How many lines within the records include the word "shows"? Only that number should be given.

Stored data:
==================================================

lemma openin_collapse_map_image:
  assumes S: "openin X S" and sat: "\<And>i. i \<in> {1..n} \<Longrightarrow> A i \<inter> S \<noteq> {} \<Longrightarrow> A i \<subseteq> S"
  shows "openin Y (p ` S)"
  using collapse_map_preimage_image[OF openin_subset[OF S] sat] S openin_subset[OF S]
  by (auto simp: openin_collapse_space)

lemma openin_V: "openin Y V"
  unfolding V_def
  by (rule openin_collapse_map_image[OF openin_diff[OF openin_topspace closedin_collapsed]])
    (auto simp: collapsed_def)

lemma collapse_map_in_V_iff:
  assumes x: "x \<in> topspace X"
  shows "p x \<in> V \<longleftrightarrow> x \<notin> collapsed"
proof
  assume "p x \<in> V"
  then obtain z where z: "z \<in> topspace X" "z \<notin> collapsed" "p z = p x" unfolding V_def by auto
  show "x \<notin> collapsed"
  proof
    assume "x \<in> collapsed"
    then obtain i where i: "i \<in> {1..n}" "x \<in> A i" unfolding collapsed_def by blast
    then have "z \<in> A i" using collapse_map_self[OF z(1)] collapse_map_eq_A z(3) by auto
    with i z(2) show False unfolding collapsed_def by blast
  qed
qed (use x in \<open>auto simp: V_def\<close>)

lemma the_elem_V:
  assumes "y \<in> V"
  shows "the_elem y \<in> topspace X - collapsed" "p (the_elem y) = y"
proof -
  obtain x where "x \<in> topspace X" "x \<notin> collapsed" "y = p x" using assms unfolding V_def by auto
  then show "the_elem y \<in> topspace X - collapsed" "p (the_elem y) = y"
    using collapse_map_eq_singleton by auto
qed

lemma continuous_map_the_elem: "continuous_map (subtopology Y V) X the_elem"
  unfolding continuous_map
proof (intro conjI allI impI)
  have VY: "V \<subseteq> topspace Y" using openin_V openin_subset by blast
  show "the_elem ` topspace (subtopology Y V) \<subseteq> topspace X"
    using the_elem_V VY by auto
  fix G assume G: "openin X G"
  have eq: "{y \<in> topspace (subtopology Y V). the_elem y \<in> G} = p ` (G - collapsed)"
  proof
    show "{y \<in> topspace (subtopology Y V). the_elem y \<in> G} \<subseteq> p ` (G - collapsed)"
      using the_elem_V by (force simp: image_iff)
    show "p ` (G - collapsed) \<subseteq> {y \<in> topspace (subtopology Y V). the_elem y \<in> G}"
      using VY openin_subset[OF G] collapse_map_eq_singleton
      by (fastforce simp: V_def)
  qed
  have "openin Y (p ` (G - collapsed))"
    by (rule openin_collapse_map_image[OF openin_diff[OF G closedin_collapsed]])
      (auto simp: collapsed_def)
  moreover have "p ` (G - collapsed) \<subseteq> V" unfolding V_def using openin_subset[OF G] by blast
  ultimately show "openin (subtopology Y V) {y \<in> topspace (subtopology Y V). the_elem y \<in> G}"
    unfolding eq openin_subtopology by (intro exI[of _ "p ` (G - collapsed)"]) auto
qed

lemma paths_lift_up_to_homotopy_V: "paths_lift_up_to_homotopy X Y p V"
proof (rule paths_lift_up_to_homotopyI)
  fix \<gamma> x assume \<gamma>: "pathin Y \<gamma>" "\<gamma> ` {0..1} \<subseteq> V" and x: "x \<in> topspace X" "p x = \<gamma> 0"
  have "pathin (subtopology Y V) \<gamma>" using \<gamma> pathin_subtopology by blast
  then have "pathin X (the_elem \<circ> \<gamma>)" using continuous_map_the_elem by (rule pathin_compose)
  moreover have "\<gamma> 0 \<in> V" using \<gamma>(2) by auto
  then have "x \<notin> collapsed" using collapse_map_in_V_iff[OF x(1)] x(2) by simp
  then have "(the_elem \<circ> \<gamma>) 0 = x" using collapse_map_eq_singleton[OF x(1)] x(2) by simp
  moreover have p_the_elem: "p (the_elem (\<gamma> t)) = \<gamma> t" if "t \<in> {0..1}" for t
    using the_elem_V(2) \<gamma>(2) that by blast
  then have "p ((the_elem \<circ> \<gamma>) 1) = \<gamma> 1" by simp
  moreover have "homotopic_paths_in Y (p \<circ> (the_elem \<circ> \<gamma>)) \<gamma>"
    using \<gamma>(1) by (rule homotopic_paths_in_reparametrize[of Y \<gamma> "\<lambda>t. t" "\<lambda>t. t"])
      (simp_all add: p_the_elem)
  ultimately show "\<exists>h. pathin X h \<and> h 0 = x \<and> p (h 1) = \<gamma> 1 \<and> homotopic_paths_in Y (p \<circ> h) \<gamma>"
    by blast
qed

lemma collapse_map_image_subset_V:
  assumes W: "W \<subseteq> topspace X" and i: "i \<in> {1..n}"
    and disj: "\<And>j. j \<in> {1..n} \<Longrightarrow> j \<noteq> i \<Longrightarrow> A j \<inter> W = {}"
  shows "p ` W - {A i} \<subseteq> V"
proof
  fix y assume "y \<in> p ` W - {A i}"
  then obtain x where x: "x \<in> W" "p x \<noteq> A i" "y = p x" by blast
  have "x \<notin> collapsed"
  proof
    assume "x \<in> collapsed"
    then obtain j where j: "j \<in> {1..n}" "x \<in> A j" unfolding collapsed_def by blast
    then show False
      using x disj[OF j(1)] collapse_map_eq_A[OF j] by (cases "j = i") auto
  qed
  then show "y \<in> V" unfolding V_def using x(1,3) W by auto
qed

lemma collapsed_set_neighbourhood:
  assumes lpc: "locally_path_connected_space X" and i: "i \<in> {1..n}"
    and pc: "path_connectedin X (A i)" and ne: "A i \<noteq> {}"
    and U0: "openin Y U0" "A i \<in> U0"
  obtains U where "openin Y U" "A i \<in> U" "U \<subseteq> U0" "U - {A i} \<subseteq> V"
    "path_connectedin X {x \<in> topspace X. p x \<in> U}"
proof -
  define B where "B = (\<Union>j\<in>{1..n} - {i}. A j)"
  define G where "G = {x \<in> topspace X. p x \<in> U0} - B"
  have "closedin X B" unfolding B_def using closed by (intro closedin_Union) auto
  then have "openin X G"
    unfolding G_def by (intro openin_diff openin_continuous_map_preimage[OF continuous_map_collapse_map U0(1)])
  moreover have "A i \<subseteq> G"
    using A_subset_topspace[OF i] collapse_map_eq_A[OF i] U0(2) disjoint[OF _ i]
    unfolding G_def B_def by fastforce
  ultimately obtain W where W: "openin X W" "path_connectedin X W" "A i \<subseteq> W" "W \<subseteq> G"
    using path_connected_open_neighbourhood[OF lpc _ pc _ ne] by blast
  have WX: "W \<subseteq> topspace X" using openin_subset[OF W(1)] .
  have disj: "A j \<inter> W = {}" if "j \<in> {1..n}" "j \<noteq> i" for j
    using that W(4) unfolding G_def B_def by blast
  then have sat: "A j \<subseteq> W" if "j \<in> {1..n}" "A j \<inter> W \<noteq> {}" for j
    using that W(3) by blast
  show ?thesis
  proof
    show "openin Y (p ` W)" using W(1) sat by (rule openin_collapse_map_image)
    show "A i \<in> p ` W"
      using ne W(3) collapse_map_eq_A[OF i] by (metis all_not_in_conv image_eqI subsetD)
    show "p ` W \<subseteq> U0" using W(4) unfolding G_def by auto
    show "p ` W - {A i} \<subseteq> V" using WX i disj by (rule collapse_map_image_subset_V)
    show "path_connectedin X {x \<in> topspace X. p x \<in> p ` W}"
      using W(2) collapse_map_preimage_image[OF WX sat] by simp
  qed
qed
lemma center_glued_vanishes_right_extendable:
  fixes x :: "'a qpath \<Rightarrow> 'k::field"
  assumes x: "x \<in> alg_center glued (alg_mult t BA)" and w: "w \<in> BA"
    and b: "b \<in> Arr" "pend t w = s b" and not_cycle: "fst w \<noteq> pend t w"
    and extendable: "\<not> contains_rel Z (pcat w (s b, [b]))"
  shows "x w = 0"
proof -
  let ?arrow = "basis_elt (s b, [b]) :: 'a qpath \<Rightarrow> 'k"
  define W where "W = pcat w (s b, [b])"
  have W: "W \<in> BA"
    using b w extendable arrows_in_range basis_path_iff[of "fst w" "snd w"]
    by (simp add: W_def pcat_def basis_path_iff walk_append)
  have "?arrow \<in> glued"
    using glue_generators_subset_glued b(1) by (auto simp: glue_generators_def)
  then have "alg_mult t BA x ?arrow W = alg_mult t BA ?arrow x W"
    using x by (auto simp: alg_center_def)
  moreover have "alg_mult t BA x ?arrow W = x w"
  proof -
    have "alg_mult t BA x ?arrow W = x w * ?arrow (s b, [b])"
    proof (rule alg_mult_single_term[OF finite_basis W w arrow_in_basis[OF b(1)]])
      show "pend t w = fst (s b, [b])" "pcat w (s b, [b]) = W"
        using b(2) by (simp_all add: W_def)
      fix p q assume "p \<in> BA" "q \<in> BA" "pend t p = fst q" "pcat p q = W" "x p * ?arrow q \<noteq> 0"
      then show "p = w \<and> q = (s b, [b])"
        by (cases p; cases w) (auto simp: W_def pcat_def basis_elt_def split: if_splits)
    qed
    then show ?thesis by (simp add: basis_elt_def)
  qed
  moreover have "alg_mult t BA ?arrow x W = 0"
  proof (rule alg_mult_eq_0_at)
    fix p q assume pq: "pcat p q = W"
    show "?arrow p * x q = 0"
    proof (rule ccontr)
      assume "?arrow p * x q \<noteq> 0"
      then have "fst w = s b"
        using pq by (auto simp: W_def pcat_def basis_elt_def split: if_splits)
      then show False using not_cycle b(2) by simp
    qed
  qed
  ultimately show ?thesis by simp
qed

lemma center_glued_vanishes_mixed:
  fixes x :: "'a qpath \<Rightarrow> 'k::field"
  assumes x: "x \<in> alg_center glued (alg_mult t BA)" and w: "w \<in> BA" "w \<notin> NSP"
    and mixed: "(fst w = 1) \<noteq> (pend t w = 1)"
  shows "x w = 0"
proof (cases "fst w \<in> {1, n} \<and> pend t w \<in> {1, n}")
  case True
  then have "fst w \<noteq> pend t w" using mixed by auto
  moreover have "\<not> left_maximal w \<or> \<not> right_maximal w"
    using True mixed w by (auto simp: nonspecial_path_iff)
  ultimately show ?thesis
    using center_glued_vanishes_left_extendable[OF x w(1)]
      center_glued_vanishes_right_extendable[OF x w(1)]
    by (auto simp: left_maximal_def right_maximal_def)
next
  case False
  let ?f = "basis_elt (1, []) + basis_elt (n, []) :: 'a qpath \<Rightarrow> 'k"
  have "?f \<in> glued"
    using glue_generators_subset_glued by (auto simp: glue_generators_def)
  then have "alg_mult t BA x ?f = alg_mult t BA ?f x"
    using x by (auto simp: alg_center_def)
  then have "x w * (if pend t w = 1 \<or> pend t w = n then 1 else 0) =
      (if fst w = 1 \<or> fst w = n then 1 else 0) * x w"
    using w(1) unfolding glued_vertex_eq_diag commute_diag_iff by blast
  then show ?thesis using False mixed by (auto split: if_splits)
qed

==================================================

### [Exercise response]
6